▸ **PROVIDED MATERIAL**
(* Let $t\ge 2$, $k\ge 1$, and let $C$ be a binary linear $t$-CIS $[tk,k]$ code with generator matrix $G=(A_1\ A_2\ \cdots\ A_t)$, where each $A_j$ is an invertible $k\times k$ matrix over $\mathbb{F}_2$; let $A_j(\mathbf r_i)$ denote the $i$-th row of $A_j$. Let $\mathbf x_1,\dots,\mathbf x_t\in\mathbb{F}_2^k$ and $y_{ij}\in\mathbb{F}_2$ ($1\le i\le k$, $1\le j\le t$) be arbitrary. For each $j$, let $c_{1j},\dots,c_{kj}\in\mathbb{F}_2$ be the unique elements with $\mathbf x_j=\sum_{i=1}^k c_{ij}A_j(\mathbf r_i)$, and set $z_j=1+\sum_{i=1}^k c_{ij}y_{ij}$. Then the $(k+1)\times t(k+1)$ matrix $$G_1=\begin{pmatrix} z_1 & \mathbf x_1 & z_2 & \mathbf x_2 & \cdots & z_t & \mathbf x_t\\ y_{11} & A_1(\mathbf r_1) & y_{12} & A_2(\mathbf r_1) & \cdots & y_{1t} & A_t(\mathbf r_1)\\ \vdots & \vdots & \vdots & \vdots & & \vdots & \vdots\\ y_{k1} & A_1(\mathbf r_k) & y_{k2} & A_2(\mathbf r_k) & \cdots & y_{kt} & A_t(\mathbf r_k)\end{pmatrix}$$ generates a binary linear $t$-CIS $[t(k+1),k+1]$ code.
   Context: A binary linear $[tk,k]$ code is $t$-CIS if its coordinate set can be partitioned into $t$ pairwise disjoint information sets, an information set being a set of $k$ coordinates whose columns in a generator matrix are linearly independent. *)

theory Defs
  imports Main "HOL-Library.Z2"
begin

text \<open>Matrices over F_2 (type bit) are functions nat => nat => bit, with
  row index first; only entries inside the stated bounds are relevant.
  Indices are 0-based.\<close>

definition rows_indep :: "nat \<Rightarrow> nat \<Rightarrow> (nat \<Rightarrow> nat \<Rightarrow> bit) \<Rightarrow> bool" where
  "rows_indep m n M \<longleftrightarrow>
     (\<forall>c :: nat \<Rightarrow> bit. (\<forall>l<n. (\<Sum>i<m. c i * M i l) = 0) \<longrightarrow> (\<forall>i<m. c i = 0))"

definition cols_indep :: "nat \<Rightarrow> (nat \<Rightarrow> nat \<Rightarrow> bit) \<Rightarrow> nat set \<Rightarrow> bool" where
  "cols_indep m M S \<longleftrightarrow>
     (\<forall>c :: nat \<Rightarrow> bit. (\<forall>i<m. (\<Sum>l\<in>S. c l * M i l) = 0) \<longrightarrow> (\<forall>l\<in>S. c l = 0))"

definition info_set :: "nat \<Rightarrow> nat \<Rightarrow> (nat \<Rightarrow> nat \<Rightarrow> bit) \<Rightarrow> nat set \<Rightarrow> bool" where
  "info_set k n G S \<longleftrightarrow> S \<subseteq> {..<n} \<and> card S = k \<and> cols_indep k G S"

definition CIS_code :: "nat \<Rightarrow> nat \<Rightarrow> (nat \<Rightarrow> nat \<Rightarrow> bit) \<Rightarrow> bool" where
  "CIS_code t k G \<longleftrightarrow> rows_indep k (t * k) G \<and>
     (\<exists>I :: nat \<Rightarrow> nat set.
        (\<forall>j<t. info_set k (t * k) G (I j)) \<and>
        (\<forall>j<t. \<forall>j'<t. j \<noteq> j' \<longrightarrow> I j \<inter> I j' = {}) \<and>
        (\<Union>j<t. I j) = {..<t * k})"

definition mat_invertible :: "nat \<Rightarrow> (nat \<Rightarrow> nat \<Rightarrow> bit) \<Rightarrow> bool" where
  "mat_invertible k M \<longleftrightarrow> (\<exists>B :: nat \<Rightarrow> nat \<Rightarrow> bit.
      (\<forall>i<k. \<forall>l<k. (\<Sum>m<k. B i m * M m l) = (if i = l then 1 else 0)) \<and>
      (\<forall>i<k. \<forall>l<k. (\<Sum>m<k. M i m * B m l) = (if i = l then 1 else 0)))"

definition block_gen :: "nat \<Rightarrow> (nat \<Rightarrow> nat \<Rightarrow> nat \<Rightarrow> bit) \<Rightarrow> nat \<Rightarrow> nat \<Rightarrow> bit" where
  "block_gen k A = (\<lambda>i col. A (col div k) i (col mod k))"

text \<open>The extended (k+1) x t(k+1) matrix G_1: block j occupies columns
  j*(k+1) .. j*(k+1)+k; its first column is (z_j, y_{0j}, ..., y_{(k-1)j})^T,
  the remaining columns form (x_j ; A_j).\<close>
definition ext_gen :: "nat \<Rightarrow> (nat \<Rightarrow> bit) \<Rightarrow> (nat \<Rightarrow> nat \<Rightarrow> bit) \<Rightarrow> (nat \<Rightarrow> nat \<Rightarrow> bit)
    \<Rightarrow> (nat \<Rightarrow> nat \<Rightarrow> nat \<Rightarrow> bit) \<Rightarrow> nat \<Rightarrow> nat \<Rightarrow> bit" where
  "ext_gen k z x y A = (\<lambda>r col.
     (let j = col div (k + 1); p = col mod (k + 1) in
      if r = 0 then (if p = 0 then z j else x j (p - 1))
      else (if p = 0 then y (r - 1) j else A j (r - 1) (p - 1))))"

end

(* Every block (z_j x_j; y_j A_j) of G_1 is invertible: since x_j = c_j A_j, its Schur complement
   z_j - x_j A_j^-1 y_j = z_j - c_j y_j equals 1.  So the rows of G_1 are independent (already
   those of its first block), and the t blocks of k + 1 consecutive columns are pairwise disjoint
   information sets. A_t) is t-CIS. *)

theory Submission
  imports Defs
begin

(* Z2 rewrites + and * on bit to xor and and, which turns every sum into a cardinality. *)
declare add_bit_eq_xor [simp del] mult_bit_eq_and [simp del]

lemma bit_add_self [simp]: "a + a = (0::bit)"
  by (metis diff_self minus_bit_def)

lemma sum_sum_mult_assoc:
  fixes w :: "nat \<Rightarrow> 'a::comm_semiring_1"
  shows "(\<Sum>j<n. (\<Sum>i<m. w i * P i j) * Q j) = (\<Sum>i<m. w i * (\<Sum>j<n. P i j * Q j))"
  by (simp add: sum_distrib_left sum_distrib_right mult.assoc sum.swap[of _ "{..<n}"])

lemma mat_invertible_rows_indep:
  assumes "mat_invertible k M"
  shows "rows_indep k k M"
  unfolding rows_indep_def
proof (intro allI impI)
  fix w :: "nat \<Rightarrow> bit" and l
  assume w: "\<forall>p<k. (\<Sum>i<k. w i * M i p) = 0" and l: "l < k"
  obtain B where B: "\<forall>i<k. \<forall>l<k. (\<Sum>m<k. M i m * B m l) = (if i = l then 1 else 0)"
    using assms unfolding mat_invertible_def by blast
  have "w l = (\<Sum>i<k. if i = l then w i else 0)"
    using l by simp
  also have "\<dots> = (\<Sum>i<k. w i * (\<Sum>m<k. M i m * B m l))"
    using B l by (intro sum.cong) auto
  also have "\<dots> = (\<Sum>m<k. (\<Sum>i<k. w i * M i m) * B m l)"
    by (rule sum_sum_mult_assoc[symmetric])
  also have "\<dots> = 0"
    using w by simp
  finally show "w l = 0" .
qed

lemma mat_invertible_cols_indep:
  assumes "mat_invertible k M"
  shows "cols_indep k M {..<k}"
  unfolding cols_indep_def
proof (intro allI impI ballI)
  fix d :: "nat \<Rightarrow> bit" and l
  assume d: "\<forall>i<k. (\<Sum>q<k. d q * M i q) = 0" and "l \<in> {..<k}"
  then have l: "l < k" by simp
  obtain B where B: "\<forall>i<k. \<forall>l<k. (\<Sum>m<k. B i m * M m l) = (if i = l then 1 else 0)"
    using assms unfolding mat_invertible_def by blast
  have "d l = (\<Sum>q<k. if l = q then d q else 0)"
    using l by simp
  also have "\<dots> = (\<Sum>q<k. (\<Sum>m<k. B l m * M m q) * d q)"
    using B l by (intro sum.cong) auto
  also have "\<dots> = (\<Sum>m<k. B l m * (\<Sum>q<k. d q * M m q))"
    by (simp only: sum_sum_mult_assoc mult.commute[of "d _"])
  also have "\<dots> = 0"
    using d by simp
  finally show "d l = 0" .
qed

definition bordered :: "bit \<Rightarrow> (nat \<Rightarrow> bit) \<Rightarrow> (nat \<Rightarrow> bit) \<Rightarrow> (nat \<Rightarrow> nat \<Rightarrow> bit) \<Rightarrow> nat \<Rightarrow> nat \<Rightarrow> bit" where
  "bordered z x y M = (\<lambda>r p. if r = 0 then (if p = 0 then z else x (p - 1))
                                else (if p = 0 then y (r - 1) else M (r - 1) (p - 1)))"

lemma bordered_simps [simp]:
  "bordered z x y M 0 0 = z"
  "bordered z x y M 0 (Suc q) = x q"
  "bordered z x y M (Suc i) 0 = y i"
  "bordered z x y M (Suc i) (Suc q) = M i q"
  by (simp_all add: bordered_def)

lemma bordered_rows_indep:
  assumes M: "rows_indep k k M"
    and x: "\<forall>p<k. x p = (\<Sum>i<k. c i * M i p)"
  shows "rows_indep (k + 1) (k + 1) (bordered (1 + (\<Sum>i<k. c i * y i)) x y M)"
    (is "rows_indep _ _ ?B")
  unfolding rows_indep_def
proof (intro allI impI)
  fix e :: "nat \<Rightarrow> bit" and r
  assume H: "\<forall>p<k + 1. (\<Sum>i<k + 1. e i * ?B i p) = 0" and r: "r < k + 1"
  have col: "e 0 * ?B 0 p + (\<Sum>i<k. e (Suc i) * ?B (Suc i) p) = 0" if "p < k + 1" for p
    using H that by (simp only: Suc_eq_plus1[symmetric] sum.lessThan_Suc_shift)
  define w where "w i = e 0 * c i + e (Suc i)" for i
  have "(\<Sum>i<k. w i * M i p) = 0" if p: "p < k" for p
  proof -
    have "(\<Sum>i<k. w i * M i p) = e 0 * x p + (\<Sum>i<k. e (Suc i) * M i p)"
      using x p by (simp add: w_def distrib_right sum.distrib sum_distrib_left mult.assoc)
    also have "\<dots> = 0"
      using col[of "Suc p"] p by simp
    finally show ?thesis .
  qed
  then have "\<forall>i<k. w i = 0"
    using M unfolding rows_indep_def by blast
  then have e_Suc: "e (Suc i) = e 0 * c i" if "i < k" for i
    using that unfolding w_def by (metis add.commute add_0 add.assoc bit_add_self)
  have "e 0 = e 0 * (1 + (\<Sum>i<k. c i * y i)) + (\<Sum>i<k. e (Suc i) * y i)"
    using e_Suc by (simp add: distrib_left sum_distrib_left mult.assoc add.assoc)
  also have "\<dots> = 0"
    using col[of 0] by simp
  finally have "e 0 = 0" .
  with e_Suc r show "e r = 0"
    by (cases r) auto
qed

lemma bordered_cols_indep:
  assumes M: "cols_indep k M {..<k}"
    and x: "\<forall>p<k. x p = (\<Sum>i<k. c i * M i p)"
  shows "cols_indep (k + 1) (bordered (1 + (\<Sum>i<k. c i * y i)) x y M) {..<k + 1}"
    (is "cols_indep _ ?B _")
  unfolding cols_indep_def
proof (intro allI impI ballI)
  fix d :: "nat \<Rightarrow> bit" and p
  assume H: "\<forall>r<k + 1. (\<Sum>q\<in>{..<k + 1}. d q * ?B r q) = 0" and p: "p \<in> {..<k + 1}"
  have row: "d 0 * ?B r 0 + (\<Sum>q<k. d (Suc q) * ?B r (Suc q)) = 0" if "r < k + 1" for r
    using H that by (simp only: Suc_eq_plus1[symmetric] sum.lessThan_Suc_shift)
  have row_Suc: "(\<Sum>q<k. d (Suc q) * M i q) = d 0 * y i" if "i < k" for i
    using row[of "Suc i"] that by (simp add: eq_neg_iff_add_eq_0[symmetric])
  have "(\<Sum>q<k. d (Suc q) * x q) = (\<Sum>q<k. (\<Sum>i<k. c i * M i q) * d (Suc q))"
    using x by (simp add: mult.commute)
  also have "\<dots> = (\<Sum>i<k. c i * (\<Sum>q<k. d (Suc q) * M i q))"
    by (simp only: sum_sum_mult_assoc mult.commute[of "M _ _"])
  also have "\<dots> = d 0 * (\<Sum>i<k. c i * y i)"
    using row_Suc by (simp add: sum_distrib_left mult_ac)
  finally have "d 0 = d 0 * (1 + (\<Sum>i<k. c i * y i)) + (\<Sum>q<k. d (Suc q) * x q)"
    by (simp add: distrib_left add.assoc)
  also have "\<dots> = 0"
    using row[of 0] by simp
  finally have d0: "d 0 = 0" .
  then have "\<forall>i<k. (\<Sum>q<k. d (Suc q) * M i q) = 0"
    using row_Suc by simp
  then have "\<forall>q\<in>{..<k}. d (Suc q) = 0"
    using M unfolding cols_indep_def by (elim allE[of _ "\<lambda>q. d (Suc q)"]) blast
  with d0 p show "d p = 0"
    by (cases p) auto
qed

lemma rows_indep_if_column_block:
  assumes N: "rows_indep m n N"
    and "b + n \<le> n'"
    and block: "\<forall>i<m. \<forall>p<n. M i (b + p) = N i p"
  shows "rows_indep m n' M"
  unfolding rows_indep_def
proof (intro allI impI)
  fix e :: "nat \<Rightarrow> bit" and i
  assume "\<forall>l<n'. (\<Sum>i<m. e i * M i l) = 0" and "i < m"
  moreover have "(\<Sum>i<m. e i * N i p) = (\<Sum>i<m. e i * M i (b + p))" if "p < n" for p
    using block that by simp
  ultimately have "\<forall>p<n. (\<Sum>i<m. e i * N i p) = 0"
    using \<open>b + n \<le> n'\<close> by simp
  then show "e i = 0"
    using N \<open>i < m\<close> unfolding rows_indep_def by blast
qed

lemma cols_indep_column_block:
  assumes N: "cols_indep m N {..<n}"
    and block: "\<forall>i<m. \<forall>p<n. M i (b + p) = N i p"
  shows "cols_indep m M {b..<b + n}"
  unfolding cols_indep_def
proof (intro allI impI)
  fix d :: "nat \<Rightarrow> bit"
  assume H: "\<forall>i<m. (\<Sum>l\<in>{b..<b + n}. d l * M i l) = 0"
  have "(\<Sum>l\<in>{b..<b + n}. d l * M i l) = (\<Sum>p<n. d (b + p) * N i p)" if "i < m" for i
    using block that by (simp add: sum.atLeastLessThan_shift_0 atLeast0LessThan)
  then have "\<forall>p\<in>{..<n}. d (b + p) = 0"
    using H N unfolding cols_indep_def by (elim allE[of _ "\<lambda>p. d (b + p)"]) simp
  then show "\<forall>l\<in>{b..<b + n}. d l = 0"
    by (metis atLeastLessThan_iff le_add_diff_inverse lessThan_iff nat_add_left_cancel_less)
qed

lemma less_imp_mult_add_le:
  fixes n :: nat
  assumes "j < j'"
  shows "j * n + n \<le> j' * n"
  using assms by (metis Suc_leI add.commute mult_Suc mult_le_mono1)

lemma column_block_subset:
  assumes "j < t"
  shows "{j * n..<j * n + n} \<subseteq> {..<t * (n::nat)}"
  using less_imp_mult_add_le[OF assms, of n] by auto

lemma UN_column_blocks: "(\<Union>j<t. {j * n..<j * n + n}) = {..<t * (n::nat)}"
  by (induction t) (auto simp: lessThan_Suc)

lemma column_blocks_disjoint:
  assumes "j \<noteq> j'"
  shows "{j * n..<j * n + n} \<inter> {j' * n..<j' * (n::nat) + n} = {}"
  using assms less_imp_mult_add_le[of j j' n] less_imp_mult_add_le[of j' j n]
  by (cases "j < j'") auto

lemma CIS_code_if_blocks_nonsingular:
  assumes "0 < t"
    and block: "\<forall>j<t. \<forall>i<k. \<forall>p<k. G i (j * k + p) = N j i p"
    and rows: "\<forall>j<t. rows_indep k k (N j)"
    and cols: "\<forall>j<t. cols_indep k (N j) {..<k}"
  shows "CIS_code t k G"
  unfolding CIS_code_def
proof (intro conjI exI)
  show "rows_indep k (t * k) G"
  proof (rule rows_indep_if_column_block[of k k "N 0" 0])
    show "rows_indep k k (N 0)"
      using rows \<open>0 < t\<close> by blast
    show "0 + k \<le> t * k"
      using \<open>0 < t\<close> by simp
    show "\<forall>i<k. \<forall>p<k. G i (0 + p) = N 0 i p"
      using block \<open>0 < t\<close> by (metis add_0 mult_0)
  qed
  let ?I = "\<lambda>j. {j * k..<j * k + k}"
  show "\<forall>j<t. info_set k (t * k) G (?I j)"
  proof (intro allI impI)
    fix j assume "j < t"
    then have "?I j \<subseteq> {..<t * k}"
      by (rule column_block_subset)
    moreover have "cols_indep k G (?I j)"
      using block cols \<open>j < t\<close> by (intro cols_indep_column_block[of k "N j"]) blast+
    ultimately show "info_set k (t * k) G (?I j)"
      unfolding info_set_def by simp
  qed
  show "\<forall>j<t. \<forall>j'<t. j \<noteq> j' \<longrightarrow> ?I j \<inter> ?I j' = {}"
    by (intro allI impI column_blocks_disjoint)
  show "(\<Union>j<t. ?I j) = {..<t * k}"
    by (rule UN_column_blocks)
qed

lemma ext_gen_column_block:
  assumes "p < k + 1"
  shows "ext_gen k z x y A r (j * (k + 1) + p) = bordered (z j) (x j) (\<lambda>i. y i j) (A j) r p"
proof -
  have "(j * (k + 1) + p) div (k + 1) = j"
    using assms by (metis div_mult_self3 div_less add_0_right add_eq_0_iff_both_eq_0 zero_neq_one)
  moreover have "(j * (k + 1) + p) mod (k + 1) = p"
    using assms by (metis mod_mult_self3 mod_less)
  ultimately show ?thesis
    unfolding ext_gen_def bordered_def Let_def by (simp only:)
qed

theorem proposition5:
  fixes t k :: nat
    and A :: "nat \<Rightarrow> nat \<Rightarrow> nat \<Rightarrow> bit"
    and x :: "nat \<Rightarrow> nat \<Rightarrow> bit"
    and y :: "nat \<Rightarrow> nat \<Rightarrow> bit"
    and c :: "nat \<Rightarrow> nat \<Rightarrow> bit"
  assumes "t \<ge> 2" and "k \<ge> 1"
    and "\<forall>j<t. mat_invertible k (A j)"
    and "CIS_code t k (block_gen k A)"
    and "\<forall>j<t. \<forall>l<k. x j l = (\<Sum>i<k. c i j * A j i l)"
  shows "CIS_code t (k + 1)
           (ext_gen k (\<lambda>j. 1 + (\<Sum>i<k. c i j * y i j)) x y A)"
proof (rule CIS_code_if_blocks_nonsingular)
  let ?z = "\<lambda>j. 1 + (\<Sum>i<k. c i j * y i j)"
  let ?N = "\<lambda>j. bordered (?z j) (x j) (\<lambda>i. y i j) (A j)"
  show "0 < t"
    using \<open>t \<ge> 2\<close> by simp
  show "\<forall>j<t. \<forall>i<k + 1. \<forall>p<k + 1. ext_gen k ?z x y A i (j * (k + 1) + p) = ?N j i p"
    by (intro allI impI) (rule ext_gen_column_block)
  show "\<forall>j<t. rows_indep (k + 1) (k + 1) (?N j)"
  proof (intro allI impI)
    fix j assume "j < t"
    with assms(3,5) show "rows_indep (k + 1) (k + 1) (?N j)"
      by (intro bordered_rows_indep mat_invertible_rows_indep) simp_all
  qed
  show "\<forall>j<t. cols_indep (k + 1) (?N j) {..<k + 1}"
  proof (intro allI impI)
    fix j assume "j < t"
    with assms(3,5) show "cols_indep (k + 1) (?N j) {..<k + 1}"
      by (intro bordered_cols_indep mat_invertible_cols_indep) simp_all
  qed
qed

end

▸ **TASK TO CARRY OUT**
Print only the lines from the top of the data above down to the line holding "Indices are 0-based.\<close>", inclusive.

▸ **SOLUTION TO THE PROBLEM**
(* Let $t\ge 2$, $k\ge 1$, and let $C$ be a binary linear $t$-CIS $[tk,k]$ code with generator matrix $G=(A_1\ A_2\ \cdots\ A_t)$, where each $A_j$ is an invertible $k\times k$ matrix over $\mathbb{F}_2$; let $A_j(\mathbf r_i)$ denote the $i$-th row of $A_j$. Let $\mathbf x_1,\dots,\mathbf x_t\in\mathbb{F}_2^k$ and $y_{ij}\in\mathbb{F}_2$ ($1\le i\le k$, $1\le j\le t$) be arbitrary. For each $j$, let $c_{1j},\dots,c_{kj}\in\mathbb{F}_2$ be the unique elements with $\mathbf x_j=\sum_{i=1}^k c_{ij}A_j(\mathbf r_i)$, and set $z_j=1+\sum_{i=1}^k c_{ij}y_{ij}$. Then the $(k+1)\times t(k+1)$ matrix $$G_1=\begin{pmatrix} z_1 & \mathbf x_1 & z_2 & \mathbf x_2 & \cdots & z_t & \mathbf x_t\\ y_{11} & A_1(\mathbf r_1) & y_{12} & A_2(\mathbf r_1) & \cdots & y_{1t} & A_t(\mathbf r_1)\\ \vdots & \vdots & \vdots & \vdots & & \vdots & \vdots\\ y_{k1} & A_1(\mathbf r_k) & y_{k2} & A_2(\mathbf r_k) & \cdots & y_{kt} & A_t(\mathbf r_k)\end{pmatrix}$$ generates a binary linear $t$-CIS $[t(k+1),k+1]$ code.
   Context: A binary linear $[tk,k]$ code is $t$-CIS if its coordinate set can be partitioned into $t$ pairwise disjoint information sets, an information set being a set of $k$ coordinates whose columns in a generator matrix are linearly independent. *)

theory Defs
  imports Main "HOL-Library.Z2"
begin

text \<open>Matrices over F_2 (type bit) are functions nat => nat => bit, with
  row index first; only entries inside the stated bounds are relevant.
  Indices are 0-based.\<close>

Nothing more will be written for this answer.